Tax evasion and avoidance are illicit financial flows and represent as such serious impediments to achieving sustainable development, eradicating poverty and reducing inequality. Although it is methodically difficult to fully measure the forgone revenue, it is clear that the amounts lost to tax evasion and avoidance are significant. So significant, that they endanger the achievement of the sustainable development goals as governments lack necessary domestic resources. As most recently shown by the Pandora Papers leaks, multinational companies and wealthy individuals go all too often under- or even untaxed and keep accumulating their wealth. In the meantime, governments across the world struggle to finance and provide sufficient public goods and services, like health care, infrastructure or energy. Hence, the road to achieving sustainable development, eradicating absolute poverty and reducing inequality remains bumpy.
Against this backdrop, the fight against illicit financial flows is a crucial part of domestic resource mobilisation. The key ingredients are increased transparency about key financial data and cross-border flows, company structures and beneficial ownership information. Having access to such information will help tax administrations to identify as well as prevent tax evasion and avoidance. However, gaining access to this kind of information is not always easy as information is often well-hidden and several sources need to be consulted to collect all necessary data. This complexity is increased in cross-border contexts.
Consequently, fighting tax evasion and avoidance effectively comes down to cooperation and partnerships – both on domestic and international level. Due to the complexity and cross-border nature of such schemes, this endeavour cannot be undertaken in domestic isolation. Relevant pieces of information, which are necessary to detect tax crimes and tax avoidance and as a result also deter such behaviour, are widely spread and often only available in foreign jurisdictions, thus practically out of reach for the local tax administration and law enforcement. Consequently, without the cooperation from other jurisdictions the task of accessing relevant and often well-hidden facts remains daunting. Luckily, the ongoing digitalisation of administrations, e.g. widespread communication tools and data analysis software, can serve as a valuable and powerful tool for effective partnerships to counter illicit financial flows.
On a domestic level, it is essential that a whole-of-government approach is practiced. This requires a common understanding within government that only through a high degree of coordination and cooperation among all agencies, a country will have a chance to tackle illicit financial flows. This means, instead of leaving the task of identifying first signs of tax evasion and tax avoidance solely to the tax authorities, the investigation of tax evasion to the financial crime units and the persecution to the prosecution, all respective agencies need to be involved and cooperate closely. Other government departments or agencies often possess information that might be relevant for tax authorities, financial crime investigators and prosecutors to detect tax-related illicit financial flows. For example, customs know about imported goods, quality and declared import price, the ministry of mining is in possession of relevant information about the exact business activity and exploited mining sites, and the land registry office has important information on ownership of land and buildings.
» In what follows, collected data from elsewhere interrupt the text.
(* Let $\Gamma\subset\mathbb R^{n+1}$ be an open, convex, symmetric proper subcone with vertex at the origin containing $\Gamma^+$, and $f\in C^\infty(\Gamma)\cap C^0(\bar\Gamma)$ symmetric with $f_\ell=\partial f/\partial\lambda_\ell>0$ in $\Gamma$, $f$ concave in $\Gamma$, and $\sum_{\ell=1}^{n+1}f_\ell\lambda_\ell\ge-K_0(1+\sum_{\ell=1}^{n+1}f_\ell)$ for all $\lambda\in\Gamma$, for a constant $K_0$. Let $u$ be an admissible solution of $f(\lambda[\nabla^2u+\chi],-u_t)=\psi(x,t)$ in $M_T$, and at a point of $M_T$ let $\lambda=(\lambda_1,\dots,\lambda_n)=\lambda(U)$ be the eigenvalues of $U=\nabla^2u+\chi$, with $f_i=f_i(\lambda,-u_t)$ for $1\le i\le n$ and $f_\tau=f_{n+1}(\lambda,-u_t)$. Then for any index $1\le r\le n$ and any $\epsilon>0$, $$\sum_{i=1}^n f_i|\lambda_i|\le\epsilon\sum_{i\ne r}f_i\lambda_i^2+C\big(\epsilon,|u_t|,K_0,\sup_{M_T}\psi\big)\Big(1+\sum_{i=1}^n f_i+f_\tau\Big),$$ where the constant depends only on $\epsilon$, $|u_t|$, $K_0$, $\sup_{M_T}\psi$ (and $f$).
   Context: $(M^n,g)$ is a compact Riemannian manifold with smooth boundary, $M_T=M\times(0,T]$, $\chi$ a smooth $(0,2)$-tensor, $\nabla^2u$ the spatial Hessian and $u_t$ the time derivative; eigenvalues are with respect to $g$. $\Gamma^+=\{\lambda\in\mathbb R^{n+1}:\lambda_\ell>0 \ \forall\ell\}$. $u$ admissible means $(\lambda[\nabla^2u+\chi],-u_t)\in\Gamma$ in $M_T$. *)

theory Defs
  imports "HOL-Analysis.Analysis"
begin

definition pd :: "(real^'a \<Rightarrow> real) \<Rightarrow> real^'a \<Rightarrow> 'a \<Rightarrow> real" where
  "pd f x l = deriv (\<lambda>t. f (x + t *\<^sub>R axis l 1)) 0"

fun iter_pd :: "'a list \<Rightarrow> (real^'a \<Rightarrow> real) \<Rightarrow> real^'a \<Rightarrow> real" where
  "iter_pd [] f = f"
| "iter_pd (l # ls) f = (\<lambda>x. pd (iter_pd ls f) x l)"

definition smooth_on :: "(real^'a) set \<Rightarrow> (real^'a \<Rightarrow> real) \<Rightarrow> bool" where
  "smooth_on S f \<longleftrightarrow> (\<forall>ls. continuous_on S (iter_pd ls f) \<and>
     (\<forall>x\<in>S. \<forall>l. (\<lambda>t. iter_pd ls f (x + t *\<^sub>R axis l 1)) differentiable (at 0)))"

definition permv :: "('a \<Rightarrow> 'a) \<Rightarrow> real^'a \<Rightarrow> real^'a" where
  "permv p x = (\<chi> i. x $ p i)"

definition positive_cone :: "(real^'a) set" where
  "positive_cone = {x. \<forall>i. x $ i > 0}"

end

theory Submission
  imports Defs
begin
section \<open>A linear functional on polynomials\<close>

lemma prod_linear_powers_dvd:
  fixes p :: "'a::idom poly"
  assumes "finite S" "inj_on r S" "\<And>s. s \<in> S \<Longrightarrow> [:-r s, 1:] ^ e s dvd p"
  shows "(\<Prod>s\<in>S. [:-r s, 1:] ^ e s) dvd p"
  using assms
proof (induction S arbitrary: p rule: finite_induct)
  case (insert s S)
  show ?case
  proof (cases "p = 0")
    case False
    obtain q where q: "p = [:-r s, 1:] ^ e s * q" using insert.prems(2)[of s] by (metis dvdE insertI1)
    have "[:-r s', 1:] ^ e s' dvd q" if s': "s' \<in> S" for s'
    proof -
      have "r s' \<noteq> r s" using insert.prems(1) insert.hyps(2) s' by (auto simp: inj_on_def)
      then have "order (r s') ([:-r s, 1:] ^ e s) = 0" by (intro order_0I) simp
      then have "order (r s') p = order (r s') q"
        using False unfolding q by (subst order_mult) auto
      moreover have "e s' \<le> order (r s') p"
        using insert.prems(2)[of s'] s' False by (simp add: order_divides)
      ultimately show ?thesis by (simp add: order_divides)
    qed
    then have "(\<Prod>s\<in>S. [:-r s, 1:] ^ e s) dvd q"
      using insert.IH insert.prems(1) by auto
    then show ?thesis using insert.hyps by (simp add: q mult_dvd_mono)
  qed simp
qed simp

definition root_divisor :: "nat \<Rightarrow> nat \<Rightarrow> real poly" where
  "root_divisor m a0 = (\<Prod>s\<in>{0..m}. [:-real s, 1:] ^ (if s = a0 then 1 else 2))"

text \<open>A linear functional on \<open>real poly\<close> that kills the multiples of \<open>root_divisor m a0\<close>
  but not a polynomial with double roots at \<open>{0..m}-{a0}\<close> that is nonzero at \<open>a0\<close>,
  and that only depends on the coefficients of degree at least \<open>2*m\<close>.\<close>
definition remainder_coeff :: "nat \<Rightarrow> nat \<Rightarrow> real poly \<Rightarrow> real" where
  "remainder_coeff m a0 q = coeff (q mod root_divisor m a0) (2 * m)"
On an international level, tax administrations need to build bridges across borders. The goal is to make sharing relevant information, joint audits, collection and enforcement activities as easy as possible. Mutual assistance in tax matters and exchange of information are essential tools in the fight against tax-related illicit financial flows. Also here, it is important that not only the respective laws, processes and IT infrastructure are in place, but that those formal relationships transcend to the relationships between people working on these processes in a way that they feel comfortable to work together and share information, their knowledge and experiences.
The international community achieved good progress in building partnerships and in agreeing on international standards to effectively fight tax evasion and tax avoidance, but challenges remain. The deal on the Two-Pillar Solution to Address the Tax Challenges Arising from the Digitalisation of the Economy struck on 8 October by 136 countries of the OECD/G20 Inclusive Framework on BEPS shows the high degree of willingness for international cooperation to resolve the existing issues. Despite an unprecedented number of existing exchange and mutual support relationships, there are still many countries making limited use of these opportunities. In many cases, the necessary relationships do not exist yet. With others, such partnerships stand at their beginning and the potential opportunities are yet to be explored. And here, international and regional tax organisations, such as the Network of Tax Organisations, have a crucial role to play.
International and regional tax administration organisations play a vital role to build and deepen existing cross-border partnerships among revenue authorities. They are not only providing technical expertise to their members in order to enable them to formally implement and enforce laws against tax evasion and avoidance. They also bring together tax administrators from different countries to share their experiences and exchange knowledge, to give them a common voice. As such they are crucial platforms to create and strengthen partnerships. By teaming up and creating the NTO, participating tax organisations managed to create such a global network. With this goal in mind, the NTO is proud to announce its first technical conference under the title “BUILDING STRONGER PARTNERSHIPS TO FIGHT TAX-RELATED ILLICIT FINANCIAL FLOWS”. The participation of more than 400 guests from tax authorities, academia, development partners, CSOs and international organisations will provide plenty of opportunities to build such partnerships.